From my perspective, there is no evidence of warmth in the brief union of George Roberts and Mary Croy. The boys in the family found solace and support in the families of their spouses. Jacob Croy connected with the Stoner family and, even after his wife died in 1825, joined with Rachael Croy Stoner and John Stoner in Indiana.[v] Richard Croy found work in the burgeoning canal economy of Portage County and moved away completely.[vi] Mathias went with brother Andrew to joined Jacob Oswalt and their Aunt, Rebecca Huston Oswalt, in Rose Township, Stark County.iii This was a logical move since Andrew had married Susannah Oswalt, his “kissing cousin,” and my 3x great grandmother.

Meanwhile the youngest children and Elizabeth, her oldest daughter, rallied round their mother in Union County. They made the county their home and lived by her until she died on August 9, 1824, [vii]19 years and 6 days after Jacob walked into the Stubenville Land Office to make his claim. My her request or from their own understanding, they had these words carved into her gravestone, “In Memory of Mary Croy, Wife of Jacob Croy, Forever in Our Hearts.”
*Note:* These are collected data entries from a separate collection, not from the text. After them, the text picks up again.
(* $21 \le R_3(L) \le 2593$. In particular, there exists a coloring of $[20]\times[20]$ with 3 colors containing no monochromatic $L$, i.e. no integers $i,j$ and $t\ge 1$ with $(i,j),(i,j+t),(i+t,j+t)\in[20]\times[20]$ all of the same color.
   Context: For $n\in\mathbb{N}$, $[n]=\{1,\dots,n\}$. An $L$ in the grid $[n]\times[n]$ is a set of three lattice points of the form $\{(i,j),(i,j+t),(i+t,j+t)\}$ with $t$ a positive integer. A $c$-coloring of the grid is a function $[n]\times[n]\to[c]$. $R_c(L)$ denotes the least $n$ such that every $c$-coloring of $[n]\times[n]$ contains a monochromatic $L$. *)

theory Defs
  imports Main
begin

definition is_coloring :: "nat \<Rightarrow> nat \<Rightarrow> (nat \<times> nat \<Rightarrow> nat) \<Rightarrow> bool" where
  "is_coloring c n f \<longleftrightarrow> (\<forall>p \<in> {1..n} \<times> {1..n}. f p \<in> {1..c})"

definition has_mono_L :: "nat \<Rightarrow> (nat \<times> nat \<Rightarrow> nat) \<Rightarrow> bool" where
  "has_mono_L n f \<longleftrightarrow>
     (\<exists>i j t. t \<ge> 1 \<and> (i, j) \<in> {1..n} \<times> {1..n} \<and> (i, j + t) \<in> {1..n} \<times> {1..n}
        \<and> (i + t, j + t) \<in> {1..n} \<times> {1..n}
        \<and> f (i, j) = f (i, j + t) \<and> f (i, j + t) = f (i + t, j + t))"

definition R_L :: "nat \<Rightarrow> nat" where
  "R_L c = (LEAST n. \<forall>f. is_coloring c n f \<longrightarrow> has_mono_L n f)"

end

theory Submission
  imports Defs
begin

text \<open>Upper bound: colour the diagonal of [2593] x [2593]; some colour r occurs on a set R of at
  least 865 diagonal points, and every point (a, b) with a < b in R avoids r. Pigeonholing the
  differences of pairs in R gives a shift \<delta> and 145 points a with a, a + \<delta> \<in> R; at least 73 of
  the points (a, a + \<delta>) share a second colour b, and then every (a, a' + \<delta>) with a < a' among them
  avoids both r and b. A last pigeonhole on differences inside these 73 points produces an L all
  of whose corners carry the third colour. Lower bound: an explicit L-free 3-colouring of
  [20] x [20], checked by the simplifier with a column-by-column scan of the table.\<close>

lemma pigeonhole_card_fiber:
  assumes "finite B" "g ` A \<subseteq> B" "k * card B < card A"
  obtains b where "b \<in> B" "k < card {a \<in> A. g a = b}"
proof -
  have "A = (\<Union>b\<in>B. {a \<in> A. g a = b})" using assms(2) by auto
  then have "card A \<le> (\<Sum>b\<in>B. card {a \<in> A. g a = b})"
    using card_UN_le[OF assms(1)] by metis
  with assms(3) have "k * card B < (\<Sum>b\<in>B. card {a \<in> A. g a = b})" by linarith
  then have "\<not> (\<forall>b \<in> B. card {a \<in> A. g a = b} \<le> k)"
    using sum_bounded_above[of B "\<lambda>b. card {a \<in> A. g a = b}" k] by (auto simp: mult.commute)
  then show ?thesis using that by (auto simp: not_le)
qed

lemma card_ordered_pairs:
  fixes R :: "'a :: linorder set"
  assumes "finite R"
  shows "2 * card {(a, b). a \<in> R \<and> b \<in> R \<and> a < b} = card R * (card R - 1)"
proof -
  define P where "P = {(a, b). a \<in> R \<and> b \<in> R \<and> a < b}"
  have "P \<subseteq> R \<times> R" by (auto simp: P_def)
  then have "finite P" using assms finite_subset by blast
  have split: "R \<times> R = P \<union> prod.swap ` P \<union> (\<lambda>a. (a, a)) ` R"
    by (auto simp: P_def image_iff)
  have "P \<inter> prod.swap ` P = {}" "(P \<union> prod.swap ` P) \<inter> (\<lambda>a. (a, a)) ` R = {}"
    by (auto simp: P_def)
  moreover have "card (prod.swap ` P) = card P" by (simp add: card_image)
  ultimately have "card (R \<times> R) = card P + card P + card R"
    unfolding split using \<open>finite P\<close> assms
    by (simp add: card_Un_disjoint card_image inj_on_def)
  then show ?thesis by (simp add: P_def card_cartesian_product algebra_simps diff_mult_distrib2)
qed

lemma many_pairs_with_equal_difference:
  fixes R :: "nat set"
  assumes "R \<subseteq> {1..n}" "2 * k * (n - 1) < card R * (card R - 1)"
  obtains d where "1 \<le> d" "k < card {a \<in> R. a + d \<in> R}"
proof -
  define P where "P = {(a, b). a \<in> R \<and> b \<in> R \<and> a < b}"
  have "finite R" using assms(1) finite_subset by blast
  have "k * card {1..n - 1} < card P"
    using assms(2) card_ordered_pairs[OF \<open>finite R\<close>] by (simp add: P_def)
  moreover have "b - a \<in> {1..n - 1}" if "a \<in> R" "b \<in> R" "a < b" for a b
  proof -
    have "1 \<le> a" "b \<le> n" using that(1,2) assms(1) by auto
    then show ?thesis using that(3) by auto
  qed
  then have "(\<lambda>(a, b). b - a) ` P \<subseteq> {1..n - 1}" by (auto simp: P_def)
  ultimately obtain d where d: "d \<in> {1..n - 1}" "k < card {p \<in> P. (\<lambda>(a, b). b - a) p = d}"
    using pigeonhole_card_fiber[of "{1..n - 1}"] by blast
  have "{p \<in> P. (\<lambda>(a, b). b - a) p = d} = (\<lambda>a. (a, a + d)) ` {a \<in> R. a + d \<in> R}"
    using d(1) by (force simp: P_def image_iff)
  then have "card {p \<in> P. (\<lambda>(a, b). b - a) p = d} = card {a \<in> R. a + d \<in> R}"
    by (simp add: card_image inj_on_def)
  then show ?thesis using that d by auto
qed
[i] Ancestry.com. Pennsylvania, Land Warrants and Applications, 1733-1952 [database on-line]. Provo, UT, USA: Ancestry.com Operations, Inc., 2012.Original data: Warrant Applications, 1733-1952. Harrisburg, PA: Pennsylvania State Archives. Land Warrants. Pennsylvania State Archives, Harrisburg, PA.
[ii] Londonderry Township Tax Record, 1792 Bedford County Historical Society, Pioneer Library, 6441 Lincoln Highway, Bedford, PA 15522, (814)623-2011.
[iii] Additional information and documentation to follow in a later post.
[iv]Ancestry.com. Early Ohioans’ residences from the land grant records [database on-line]. Provo, UT: The Generations Network, Inc., 2005. Original data: Riegel, Mayburt Stephenson,. Early Ohioans’ residences from the land grant records. Mansfield, Ohio: Ohio Genealogical Society, 1976.
[v] Find A Grave. Find A Grave. http://www.findagrave.com/cgi-bin/fg.cgi. Eagle Cemetery, LaGrange County, Indiana and Pleasant Hill Cemetery, Marion County, Ohio
[vi] Chancery Records Alexander Huston wills Ancestry.com. 1840, 1850 United States Federal Census [database on-line]. Provo, UT, USA: Ancestry.com Operations, Inc., 2010. Images reproduced by FamilySearch.Original data: Sixth Census of the United States, 1840. (NARA microfilm publication M704, 580 rolls). Records of the Bureau of the Census, Record Group 29. National Archives, Washington, D.C.